Research indicates that at least 15 percent of GDP in revenue is necessary to finance these basic services, but in almost 30 of the 75 poorest countries, tax revenues are below this 15 percent threshold.
Amid these findings, major international organisations have called on governments from around the world to strengthen and increase the effectiveness of their tax systems to generate the domestic resources needed to meet the Sustainable Development Goals (SDGs) and promote inclusive economic growth. The international organisations are International Monetary Fund (IMF), Organisation for Economic Co-operation and Development (OECD), United Nations (UN) and World Bank Group.
They noted that all countries need to pay greater attention to the spillovers from their tax policies and step up their support for stronger tax systems.
They made the call at a conference organized at UN headquarters by the Platform for Collaboration on Tax (PCT) which provided a unique opportunity to discuss the role of tax in ending poverty, protecting the planet and ensuring prosperity for all.

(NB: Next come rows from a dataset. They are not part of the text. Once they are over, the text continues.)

text \<open>
  Put TX = Tbar fX s and TY = Tbar fY s: both are continuous nonincreasing functions on
  [0,\<infinity>) starting at 1 and tending to 0.  If Tinv TY \<circ> TX were not convex, a line would
  cut its graph from below and then from above; read as an affine change of variables
  x \<mapsto> a x + b with a > 0, this makes H_0(x) = TY x - TX (a x + b) take the signs \<le> 0, +, -
  at three increasing points.  Since H_(j-1)(t) is the integral of H_j over [t,\<infinity>), each
  integration step back forces the integrand to take the signs -, +, - as well, so H_k
  changes sign twice starting with -, which the hypothesis forbids.
\<close>

lemma set_integral_nonneg:
  fixes h :: "'a \<Rightarrow> real"
  assumes "\<And>u. u \<in> A \<Longrightarrow> 0 \<le> h u"
  shows "0 \<le> (LINT u:A|M. h u)"
  unfolding set_lebesgue_integral_def
  by (rule integral_nonneg_AE) (use assms in \<open>auto simp: indicator_def\<close>)

lemma set_integral_Ici_split:
  fixes h :: "real \<Rightarrow> real"
  assumes h: "set_integrable lborel {p..} h" and pq: "p \<le> q"
  shows "(LBINT u:{p..}. h u) = (LBINT u:{p..<q}. h u) + (LBINT u:{q..}. h u)"
proof -
  have "{p..} = {p..<q} \<union> {q..}" using pq by auto
  moreover have "set_integrable lborel {p..<q} h" "set_integrable lborel {q..} h"
    using pq by (auto intro: set_integrable_subset[OF h])
  moreover have "{p..<q} \<inter> {q..} = {}" by auto
  ultimately show ?thesis using set_integral_Un[of "{p..<q}" "{q..}" lborel h] by simp
qed

lemma set_integral_Ici_pos:
  fixes h :: "real \<Rightarrow> real"
  assumes h: "set_integrable lborel {0..} h" and nn: "\<And>u. 0 \<le> u \<Longrightarrow> 0 \<le> h u"
    and cont: "continuous_on {0..} h" and pos: "0 < h 0"
  shows "0 < (LBINT u:{0..}. h u)"
proof -
  obtain d where d: "0 < d" and close: "\<And>y. 0 \<le> y \<Longrightarrow> y < d \<Longrightarrow> \<bar>h y - h 0\<bar> < h 0 / 2"
    using cont pos unfolding continuous_on_iff
    by (metis atLeast_iff dist_real_def diff_zero half_gt_zero order_refl abs_of_nonneg)
  have "0 < d / 2 * (h 0 / 2)" using d pos by simp
  also have "\<dots> = (LBINT u:{0..<d/2}. h 0 / 2)"
    using d by (simp add: set_integral_const)
  also have "\<dots> \<le> (LBINT u:{0..<d/2}. h u)"
  proof (rule set_integral_mono)
    show "set_integrable lborel {0..<d/2} (\<lambda>_. h 0 / 2)"
      using d by (auto simp: set_integrable_def
        intro!: integrable_divide integrable_mult_left integrable_real_indicator)
    show "set_integrable lborel {0..<d/2} h"
      by (rule set_integrable_subset[OF h]) auto
    show "h 0 / 2 \<le> h u" if "u \<in> {0..<d/2}" for u
    proof -
      have "\<bar>h u - h 0\<bar> < h 0 / 2" using close that d by auto
      then show ?thesis by linarith
    qed
  qed
  also have "\<dots> \<le> (LBINT u:{0..}. h u)"
    using set_integral_Ici_split[OF h, of "d/2"] set_integral_nonneg[of "{d/2..}" h lborel] nn d
    by simp
  finally show ?thesis .
qed

lemma isCont_tail_integral:
  fixes h :: "real \<Rightarrow> real"
  assumes h: "integrable lborel h"
  shows "isCont (\<lambda>x. LBINT u:{x..}. h u) x0"
proof (rule continuous_at_sequentiallyI)
  fix X :: "nat \<Rightarrow> real" assume X: "X \<longlonglongrightarrow> x0"
  have [measurable]: "h \<in> borel_measurable lborel" using h by auto
  show "(\<lambda>n. LBINT u:{X n..}. h u) \<longlonglongrightarrow> (LBINT u:{x0..}. h u)"
    unfolding set_lebesgue_integral_def
  proof (rule integral_dominated_convergence[where w="\<lambda>u. norm (h u)"])
    show "AE u in lborel. (\<lambda>n. indicator {X n..} u *\<^sub>R h u) \<longlonglongrightarrow> indicator {x0..} u *\<^sub>R h u"
      using AE_lborel_singleton[of x0]
    proof eventually_elim
      case (elim u)
      then consider "u < x0" | "x0 < u" by linarith
      then have "\<forall>\<^sub>F n in sequentially. indicator {X n..} u *\<^sub>R h u = indicator {x0..} u *\<^sub>R h u"
      proof cases
        case 1
        show ?thesis using order_tendstoD(1)[OF X 1]
          by eventually_elim (use 1 in \<open>auto simp: indicator_def\<close>)
      next
        case 2
        show ?thesis using order_tendstoD(2)[OF X 2]
          by eventually_elim (use 2 in \<open>auto simp: indicator_def\<close>)
      qed
      then show ?case by (rule tendsto_eventually)
    qed
  qed (use h in \<open>auto simp: indicator_def\<close>)
qed

lemma tendsto_tail_integral_at_top:
  fixes h :: "real \<Rightarrow> real"
  assumes h: "integrable lborel h"
  shows "((\<lambda>x. LBINT u:{x..}. h u) \<longlongrightarrow> 0) at_top"
proof (rule tendsto_at_topI_sequentially)
  fix X :: "nat \<Rightarrow> real" assume X: "filterlim X at_top sequentially"
  have [measurable]: "h \<in> borel_measurable lborel" using h by auto
  have "(\<lambda>n. LBINT u:{X n..}. h u) \<longlonglongrightarrow> integral\<^sup>L lborel (\<lambda>u. 0 *\<^sub>R h u)"
    unfolding set_lebesgue_integral_def
  proof (rule integral_dominated_convergence[where w="\<lambda>u. norm (h u)"])
    show "AE u in lborel. (\<lambda>n. indicator {X n..} u *\<^sub>R h u) \<longlonglongrightarrow> 0 *\<^sub>R h u"
    proof (rule AE_I2)
      fix u
      have "\<forall>\<^sub>F n in sequentially. u + 1 \<le> X n"
        using X by (simp add: filterlim_at_top)
      then have "\<forall>\<^sub>F n in sequentially. indicator {X n..} u *\<^sub>R h u = 0"
        by eventually_elim (auto simp: indicator_def)
      then show "(\<lambda>n. indicator {X n..} u *\<^sub>R h u) \<longlonglongrightarrow> 0 *\<^sub>R h u"
        by (simp add: tendsto_eventually)
    qed
  qed (use h in \<open>auto simp: indicator_def\<close>)
  then show "(\<lambda>n. LBINT u:{X n..}. h u) \<longlonglongrightarrow> 0" by simp
qed

definition survival_function :: "(real \<Rightarrow> real) \<Rightarrow> bool" where
  "survival_function T \<longleftrightarrow> (\<forall>x. 0 \<le> T x) \<and> T 0 = 1 \<and> antimono_on {0..} T
     \<and> continuous_on {0..} T \<and> (T \<longlongrightarrow> 0) at_top"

Governments and relevant stakeholders also need to continue to work together on establishing a fair and efficient system of international taxation, including efforts to fight tax evasion and tax avoidance.
During a three-day conference at UN headquarters on “Taxation and the SDGs”, ministers and deputy ministers of finance, tax authorities, and senior representatives from civil society, private sector, academia, regional and global organisations debated the key directions needed for tax policy and administration to meet the SDGs by 2030.

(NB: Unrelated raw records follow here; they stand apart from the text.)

definition besov_energy :: "nat \<Rightarrow> real \<Rightarrow> real \<Rightarrow> real \<Rightarrow> ('a::euclidean_space \<Rightarrow> real) \<Rightarrow> ennreal" where
  "besov_energy k p q \<beta> f =
     (\<integral>\<^sup>+ h. ennpow (Lp_norm p (fdiff k h f)) q * ennreal (norm h powr (- (real DIM('a) + \<beta> * q))) \<partial>lborel)"

lemma besov_norm_eq_energy:
  "besov_norm p q \<beta> f = ennpow (besov_energy (nat (1 + \<lfloor>\<beta>\<rfloor>)) p q \<beta> f) (1 / q)"
  unfolding besov_norm_def besov_energy_def ..

lemma besov_energy_ge_on_set:
  fixes f :: "'a::euclidean_space \<Rightarrow> real"
  assumes "0 < q" "0 \<le> \<beta>" "0 \<le> a"
    and S: "S \<in> sets lborel" "\<And>h. h \<in> S \<Longrightarrow> h \<noteq> 0 \<and> norm h \<le> r"
      "\<And>h. h \<in> S \<Longrightarrow> ennreal a \<le> Lp_norm p (fdiff k h f)"
  shows "ennreal (a powr q * r powr (- (real DIM('a) + \<beta> * q))) * emeasure lborel S
           \<le> besov_energy k p q \<beta> f"
proof -
  have "ennreal (a powr q * r powr (- (real DIM('a) + \<beta> * q))) * indicator S h
          \<le> ennpow (Lp_norm p (fdiff k h f)) q * ennreal (norm h powr (- (real DIM('a) + \<beta> * q)))"
    for h
  proof (cases "h \<in> S")
    case True
    have "0 \<le> \<beta> * q"
      using assms(1,2) by simp
    then have "r powr (- (real DIM('a) + \<beta> * q)) \<le> norm h powr (- (real DIM('a) + \<beta> * q))"
      using S(2)[OF True] by (intro powr_mono2') auto
    moreover have "ennreal (a powr q) \<le> ennpow (Lp_norm p (fdiff k h f)) q"
      using S(3)[OF True] assms by (intro ennreal_powr_le_ennpow) auto
    ultimately show ?thesis
      using True by (simp add: ennreal_mult mult_mono)
  qed simp
  then have "(\<integral>\<^sup>+h. ennreal (a powr q * r powr (- (real DIM('a) + \<beta> * q))) * indicator S h \<partial>lborel)
               \<le> besov_energy k p q \<beta> f"
    unfolding besov_energy_def by (rule nn_integral_mono)
  then show ?thesis
    using S(1) by (simp add: nn_integral_cmult_indicator)
qed

lemma besov_energy_ge_single_scale:
  fixes f :: "'a::euclidean_space \<Rightarrow> real"
  assumes f: "f \<in> borel_measurable borel" "\<And>x. 0 \<le> f x"
    and K: "K \<in> sets borel" "emeasure lborel K = ennreal m" "0 < m" "\<And>x. x \<in> K \<Longrightarrow> t \<le> f x"
    and level: "emeasure lborel {x. t / 2 ^ (k + 1) < f x} \<le> ennreal (M * m)"
    and \<rho>: "0 < \<rho>" "unit_ball_vol (real DIM('a)) * \<rho> ^ DIM('a) = 2 * real k * M * m"
    and "0 < t" "0 < M" "0 < p" "0 < q" "0 \<le> \<beta>"
  shows "ennreal ((t / 2 * (m / 4) powr (1 / p)) powr q * \<rho> powr (- (real DIM('a) + \<beta> * q))
                  * (k * M * m / 2))
           \<le> besov_energy k p q \<beta> f" (is "ennreal (?w * _) \<le> _")
proof -
  define A where "A = {x. t / 2 ^ (k + 1) < f x}"
  define B where "B = cball (0::'a) \<rho> - {0}"
  have A: "A \<in> sets borel"
    unfolding A_def using f(1) by measurable
  have "emeasure lborel B = emeasure lborel (cball (0::'a) \<rho>)"
    unfolding B_def by (rule emeasure_Diff_null_set) auto
  then have B: "B \<in> sets borel" "emeasure lborel B = ennreal (2 * real k * M * m)"
    unfolding B_def using \<rho> by (simp_all add: emeasure_cball)
  obtain S where S: "S \<in> sets lborel" "S \<subseteq> B" "ennreal (k * M * m / 2) \<le> emeasure lborel S"
    "\<And>h. h \<in> S \<Longrightarrow> ennreal (m / 4) \<le> emeasure lborel {x \<in> K. \<forall>j\<in>{1..k}. x + real j *\<^sub>R h \<notin> A}"
    using good_steps_exist[OF A level[folded A_def] B K(1-3) \<open>0 < M\<close>] by blast
  have "ennreal (?w * (k * M * m / 2)) = ennreal ?w * ennreal (k * M * m / 2)"
    using \<open>0 < M\<close> K(3) by (intro ennreal_mult) auto
  also have "\<dots> \<le> ennreal ?w * emeasure lborel S"
    using S(3) by (rule mult_left_mono) simp
  also have "\<dots> \<le> besov_energy k p q \<beta> f"
  proof (rule besov_energy_ge_on_set[OF _ _ _ S(1)])
    show "h \<noteq> 0 \<and> norm h \<le> \<rho>" if "h \<in> S" for h
      using that S(2) unfolding B_def by auto
    show "ennreal (t / 2 * (m / 4) powr (1 / p)) \<le> Lp_norm p (fdiff k h f)" if "h \<in> S" for h
    proof (rule Lp_norm_ge_level[OF _ _ _ _ S(4)[OF that]])
      show "{x \<in> K. \<forall>j\<in>{1..k}. x + real j *\<^sub>R h \<notin> A} \<in> sets lborel"
        using A K(1) by measurable
      show "t / 2 \<le> \<bar>fdiff k h f x\<bar>" if "x \<in> {x \<in> K. \<forall>j\<in>{1..k}. x + real j *\<^sub>R h \<notin> A}" for x
        using that K(4) f(2) \<open>0 < t\<close> unfolding A_def
        by (intro abs_fdiff_ge_half) (auto simp: not_less)
    qed (use \<open>0 < t\<close> \<open>0 < p\<close> K(3) in auto)
  qed (use \<open>0 < t\<close> \<open>0 < q\<close> \<open>0 \<le> \<beta>\<close> in auto)
  finally show ?thesis .
qed

lemma single_scale_bound_eq:
  fixes t m b d n p q \<beta> :: real
  assumes "0 < t" "0 < m" "0 < b" "0 < n"
  shows "(t / 2 * (m / 4) powr (1 / p)) powr q * ((b * m) powr (1 / n)) powr (- (n + \<beta> * q)) * (d * m)
       = 2 powr (- q) * 4 powr (- (q / p)) * b powr (- 1 - \<beta> * q / n) * d
         * t powr q * m powr (q / p - \<beta> * q / n)"
proof -
  have "(t / 2 * (m / 4) powr (1 / p)) powr q = 2 powr (- q) * 4 powr (- (q / p)) * t powr q * m powr (q / p)"
    using assms by (simp add: powr_mult powr_powr powr_divide powr_minus_divide)
  moreover have "((b * m) powr (1 / n)) powr (- (n + \<beta> * q)) = b powr (- 1 - \<beta> * q / n) * m powr (- 1 - \<beta> * q / n)"
    using assms by (simp add: powr_powr powr_mult field_simps)
  moreover have "m powr (q / p) * m powr (- 1 - \<beta> * q / n) * m = m powr (q / p - \<beta> * q / n)"
    using assms by (simp add: powr_add[symmetric] mult.commute[of _ m] powr_mult_base)
  ultimately show ?thesis
    by (simp add: ac_simps)
qed

lemma besov_energy_ge_single_scale_power:
  assumes "1 \<le> k" "0 < M" "0 < p" "0 < q" "0 \<le> \<beta>"
  obtains c where "0 < c"
    "\<And>(f::'a::euclidean_space \<Rightarrow> real) t K m. f \<in> borel_measurable borel \<Longrightarrow> (\<And>x. 0 \<le> f x) \<Longrightarrow> 0 < t \<Longrightarrow>
       K \<in> sets borel \<Longrightarrow> (\<And>x. x \<in> K \<Longrightarrow> t \<le> f x) \<Longrightarrow> emeasure lborel K = ennreal m \<Longrightarrow> 0 < m \<Longrightarrow>
       emeasure lborel {x. t / 2 ^ (k + 1) < f x} \<le> ennreal (M * m) \<Longrightarrow>
       ennreal (c * t powr q * m powr (q / p - \<beta> * q / real DIM('a))) \<le> besov_energy k p q \<beta> f"
proof -
  define n where "n = real DIM('a)"
  define b where "b = 2 * real k * M / unit_ball_vol n"
  have "0 < n" "0 < unit_ball_vol n"
    unfolding n_def by simp_all
  then have "0 < b"
    unfolding b_def using assms(1,2) by simp
  show ?thesis
  proof (rule that)
    show "0 < 2 powr (- q) * 4 powr (- (q / p)) * b powr (- 1 - \<beta> * q / n) * (real k * M / 2)"
      using \<open>0 < b\<close> assms(1,2) by simp
    fix f :: "'a \<Rightarrow> real" and t K m
    assume f: "f \<in> borel_measurable borel" "\<And>x. 0 \<le> f x" and "0 < t"
      and K: "K \<in> sets borel" "\<And>x. x \<in> K \<Longrightarrow> t \<le> f x" "emeasure lborel K = ennreal m" "0 < m"
      and level: "emeasure lborel {x. t / 2 ^ (k + 1) < f x} \<le> ennreal (M * m)"
    define \<rho> where "\<rho> = (b * m) powr (1 / n)"
    have "\<rho> ^ DIM('a) = b * m"
      unfolding \<rho>_def n_def using \<open>0 < b\<close> \<open>0 < m\<close> by (simp add: powr_realpow[symmetric] powr_powr)
    then have "unit_ball_vol n * \<rho> ^ DIM('a) = 2 * real k * M * m"
      unfolding b_def using \<open>0 < unit_ball_vol n\<close> by simp
    then have "ennreal ((t / 2 * (m / 4) powr (1 / p)) powr q * \<rho> powr (- (n + \<beta> * q)) * (real k * M / 2 * m))
                 \<le> besov_energy k p q \<beta> f"
      using besov_energy_ge_single_scale[OF f K(1,3,4,2) level, of \<rho> p q \<beta>] assms \<open>0 < t\<close> \<open>0 < b\<close> K(4)
      unfolding n_def \<rho>_def by (simp add: ac_simps)
    then show "ennreal (2 powr (- q) * 4 powr (- (q / p)) * b powr (- 1 - \<beta> * q / n) * (real k * M / 2)
                 * t powr q * m powr (q / p - \<beta> * q / real DIM('a))) \<le> besov_energy k p q \<beta> f"
      unfolding \<rho>_def n_def[symmetric] single_scale_bound_eq[OF \<open>0 < t\<close> \<open>0 < m\<close> \<open>0 < b\<close> \<open>0 < n\<close>] .
  qed
qed

lemma powr_level_shift_le:
  fixes \<epsilon> M t m a c q \<gamma> :: real
  assumes "\<epsilon> powr q * M powr \<gamma> = 1" "0 < \<epsilon>" "0 < t" "0 < M" "0 < m" "M * m \<le> a" "0 \<le> c" "0 \<le> \<gamma>"
  shows "c * t powr q * m powr \<gamma> \<le> c * (\<epsilon> * t) powr q * a powr \<gamma>"
proof -
  have "c * t powr q * m powr \<gamma> = c * (\<epsilon> powr q * M powr \<gamma>) * t powr q * m powr \<gamma>"
    using assms(1) by simp
  also have "\<dots> = c * (\<epsilon> * t) powr q * (M * m) powr \<gamma>"
    using assms(2-5) by (simp add: powr_mult)
  also have "\<dots> \<le> c * (\<epsilon> * t) powr q * a powr \<gamma>"
    using assms(4-8) by (intro mult_left_mono powr_mono2) auto
  finally show ?thesis .
qed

This rose includes: how to mobilise domestic resources for development; tax policies to support sustainable economic growth, investment and trade; the social dimensions of taxation (income and gender inequality, human development); as well as capacity development and international tax co-operation.
As an era of unprecedented international co-operation on tax is underway with the advent of initiatives like the Automatic Exchange of Information, the Base Erosion and Profit Shifting (BEPS) project, and the active engagement of the UN Tax Committee—all these initiatives create new opportunities for the enhanced participation of developing countries in international tax policy discussions and institutions, but also new challenges to fully realising the benefits of international co-operation on tax.
The conference aimed to provide guidance to countries and other stakeholders on how to better target tax efforts to achieve broader development goals. Insights from the conference helps inform and shape the future work of the PCT members and partners, including the IMF, OECD, UN and World Bank.